definition perms_list :: "nat \<Rightarrow> nat list set" where
  "perms_list N = {xs. distinct xs \<and> set xs = {1..N}}"

definition cyc_rel :: "nat \<Rightarrow> (nat list \<times> nat list) set" where
  "cyc_rel N = {(xs, ys). xs \<in> perms_list N \<and> ys \<in> perms_list N \<and> (\<exists>k. ys = rotate k xs)}"

definition cycles :: "nat \<Rightarrow> nat list set set" where
  "cycles N = perms_list N // cyc_rel N"

definition is_drop :: "nat list \<Rightarrow> nat \<Rightarrow> nat \<Rightarrow> bool" where
  "is_drop xs a b \<longleftrightarrow> (\<exists>i < length xs. a = xs ! i \<and> b = xs ! ((i + 1) mod length xs) \<and> a > b)"

definition only_even_odd_drops :: "nat list \<Rightarrow> bool" where
  "only_even_odd_drops xs \<longleftrightarrow> (\<forall>a b. is_drop xs a b \<longrightarrow> even a \<and> odd b)"

end

theory Submission
  imports Defs "HOL-Computational_Algebra.Polynomial"
begin

(* Write a cycle on [N] as the word starting with 1, call it admissible if each of its drops
   ends in an odd letter, and weigh it by x ^ (number of drops with odd top).  The cycles of the
   theorem are the admissible cycles on [2n] of weight 1, so they are counted by P_2n(0), where
   P_N(x) is the weight polynomial of the admissible cycles on [N].

   Every admissible cycle on [N+1] arises exactly once by inserting N+1 in front of one of the
   ceil(N/2) odd letters of an admissible cycle on [N].  The broken pair (a, b) loses an odd-top
   drop if it was one, and the new drop (N+1, b) has odd top iff N+1 is odd, so
     P_(N+1) = x^[N+1 odd] (ceil(N/2) P_N + (1 - x) P_N').
   For Q_N(x) = P_N(1 - x) this reads Q_(N+1) = (1 - x)^[N+1 odd] (ceil(N/2) Q_N - x Q_N'), and two
   such steps show that the coefficients of Q_2n, read from the top, obey the recurrence
   g(n+1, m) = m(m-1) g(n, m-1) - m^2 g(n, m) of g(n, m) = [t^n] m!(m-1)! t^m / prod (1 + k^2 t).
   Hence P_2n(0) = Q_2n(1) = sum_m g(n, m) = g_n. *)

section \<open>Consecutive pairs of a cyclic word\<close>

fun adjacent_pairs :: "'a list \<Rightarrow> ('a \<times> 'a) list" where
  "adjacent_pairs (a # b # l) = (a, b) # adjacent_pairs (b # l)"
| "adjacent_pairs _ = []"

lemma adjacent_pairs_eq_zip: "adjacent_pairs l = zip l (tl l)"
  by (induction l rule: adjacent_pairs.induct) auto

lemma adjacent_pairs_append:
  "l1 \<noteq> [] \<Longrightarrow> l2 \<noteq> [] \<Longrightarrow>
    adjacent_pairs (l1 @ l2) = adjacent_pairs l1 @ (last l1, hd l2) # adjacent_pairs l2"
  by (induction l1 rule: adjacent_pairs.induct) (auto simp: neq_Nil_conv)

definition cyclic_pairs :: "'a list \<Rightarrow> ('a \<times> 'a) list" where
  "cyclic_pairs xs = adjacent_pairs (xs @ [hd xs])"

lemma length_cyclic_pairs [simp]: "length (cyclic_pairs xs) = length xs"
  by (simp add: cyclic_pairs_def adjacent_pairs_eq_zip)

lemma nth_cyclic_pairs:
  "i < length xs \<Longrightarrow> cyclic_pairs xs ! i = (xs ! i, xs ! (Suc i mod length xs))"
  by (cases xs) (auto simp: cyclic_pairs_def adjacent_pairs_eq_zip nth_append nth_Cons' mod_Suc)

lemma cyclic_pairs_append:
  assumes "as \<noteq> []"
  shows "cyclic_pairs (as @ bs) =
    adjacent_pairs as @ (last as, hd (bs @ [hd as])) # adjacent_pairs (bs @ [hd as])"
  using assms adjacent_pairs_append[of as "bs @ [hd as]"] by (simp add: cyclic_pairs_def)

lemma cyclic_pairs_insert:
  assumes "as \<noteq> []"
  shows "cyclic_pairs (as @ x # bs) =
    adjacent_pairs as @ (last as, x) # (x, hd (bs @ [hd as])) # adjacent_pairs (bs @ [hd as])"
  using cyclic_pairs_append[OF assms, of "x # bs"] by (cases bs) auto

lemma cyclic_pairs_rotate1: "cyclic_pairs (rotate1 xs) = rotate1 (cyclic_pairs xs)"
proof (cases xs)
  case (Cons a l)
  then show ?thesis
  proof (cases l)
    case (Cons b l')
    then show ?thesis
      using \<open>xs = a # l\<close> adjacent_pairs_append[of "b # l'" "[a, b]"]
        adjacent_pairs_append[of "b # l'" "[a]"]
      by (simp add: cyclic_pairs_def)
  qed (simp add: cyclic_pairs_def)
qed (simp add: cyclic_pairs_def)

lemma set_cyclic_pairs_rotate: "set (cyclic_pairs (rotate k xs)) = set (cyclic_pairs xs)"
  by (induction k) (simp_all add: cyclic_pairs_rotate1)

lemma is_drop_iff: "is_drop xs a b \<longleftrightarrow> (a, b) \<in> set (cyclic_pairs xs) \<and> b < a"
  by (auto simp: is_drop_def in_set_conv_nth nth_cyclic_pairs)

lemma only_even_odd_drops_rotate:
  "only_even_odd_drops (rotate k xs) \<longleftrightarrow> only_even_odd_drops xs"
  by (simp add: only_even_odd_drops_def is_drop_iff set_cyclic_pairs_rotate)

section \<open>Rooted representatives of cycles\<close>

lemma length_perms_list: "xs \<in> perms_list N \<Longrightarrow> length xs = N"
  unfolding perms_list_def using distinct_card by fastforce

lemma finite_perms_list: "finite (perms_list N)"
proof (rule finite_subset)
  show "perms_list N \<subseteq> {xs. set xs \<subseteq> {1..N} \<and> length xs \<le> N}"
    using length_perms_list by (auto simp: perms_list_def)
qed (rule finite_lists_length_le, simp)

lemma rotate_perms_list: "xs \<in> perms_list N \<Longrightarrow> rotate k xs \<in> perms_list N"
  by (simp add: perms_list_def)

lemma ex_rotate_inverse: "\<exists>j. rotate j (rotate k xs) = xs"
proof (cases "xs = []")
  case False
  have "(length xs - k mod length xs + k) mod length xs
      = (length xs - k mod length xs + k mod length xs) mod length xs"
    by (simp add: mod_add_right_eq)
  also have "\<dots> = 0"
    using False by (simp add: less_imp_le)
  finally show ?thesis
    by (auto simp: rotate_rotate intro: exI[of _ "length xs - k mod length xs"])
qed simp

lemma rotate_eq_self_if_hd_eq:
  assumes "distinct xs" and "hd (rotate k xs) = hd xs"
  shows "rotate k xs = xs"
proof (cases "xs = []")
  case False
  then have "xs ! (k mod length xs) = xs ! 0"
    using assms(2) hd_rotate_conv_nth[OF False, of k] hd_conv_nth[OF False] by simp
  then have "k mod length xs = 0"
    using assms(1) False by (simp add: nth_eq_iff_index_eq)
  then show ?thesis by simp
qed simp

lemma rotate_to_hd:
  assumes "x \<in> set xs"
  obtains k where "hd (rotate k xs) = x"
proof -
  obtain i where "i < length xs" "xs ! i = x"
    using assms by (auto simp: in_set_conv_nth)
  then have "hd (rotate i xs) = x"
    using hd_rotate_conv_nth[of xs i] by (cases "xs = []") auto
  then show ?thesis ..
qed

lemma equiv_cyc_rel: "equiv (perms_list N) (cyc_rel N)"
proof (rule equivI)
  show "refl_on (perms_list N) (cyc_rel N)"
    unfolding refl_on_def cyc_rel_def by (auto intro: exI[of _ 0])
  show "sym (cyc_rel N)"
  proof (rule symI)
    fix xs ys assume "(xs, ys) \<in> cyc_rel N"
    then obtain k where "xs \<in> perms_list N" "ys \<in> perms_list N" "ys = rotate k xs"
      by (auto simp: cyc_rel_def)
    moreover obtain j where "rotate j (rotate k xs) = xs"
      using ex_rotate_inverse by blast
    ultimately show "(ys, xs) \<in> cyc_rel N"
      by (auto simp: cyc_rel_def intro!: exI[of _ j])
  qed
  show "trans (cyc_rel N)"
    unfolding trans_def cyc_rel_def by (auto simp: rotate_rotate)
qed (auto simp: cyc_rel_def)

definition rooted_perms :: "nat \<Rightarrow> nat list set" where
  "rooted_perms N = {xs \<in> perms_list N. hd xs = 1}"

lemma finite_rooted_perms: "finite (rooted_perms N)"
  using finite_perms_list by (simp add: rooted_perms_def)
______________________________
WHAT TO WORK ON ::
Across the entries above, how many lines carry the word "with"? Write only the number.

SOLUTION FOR THIS TASK ::
2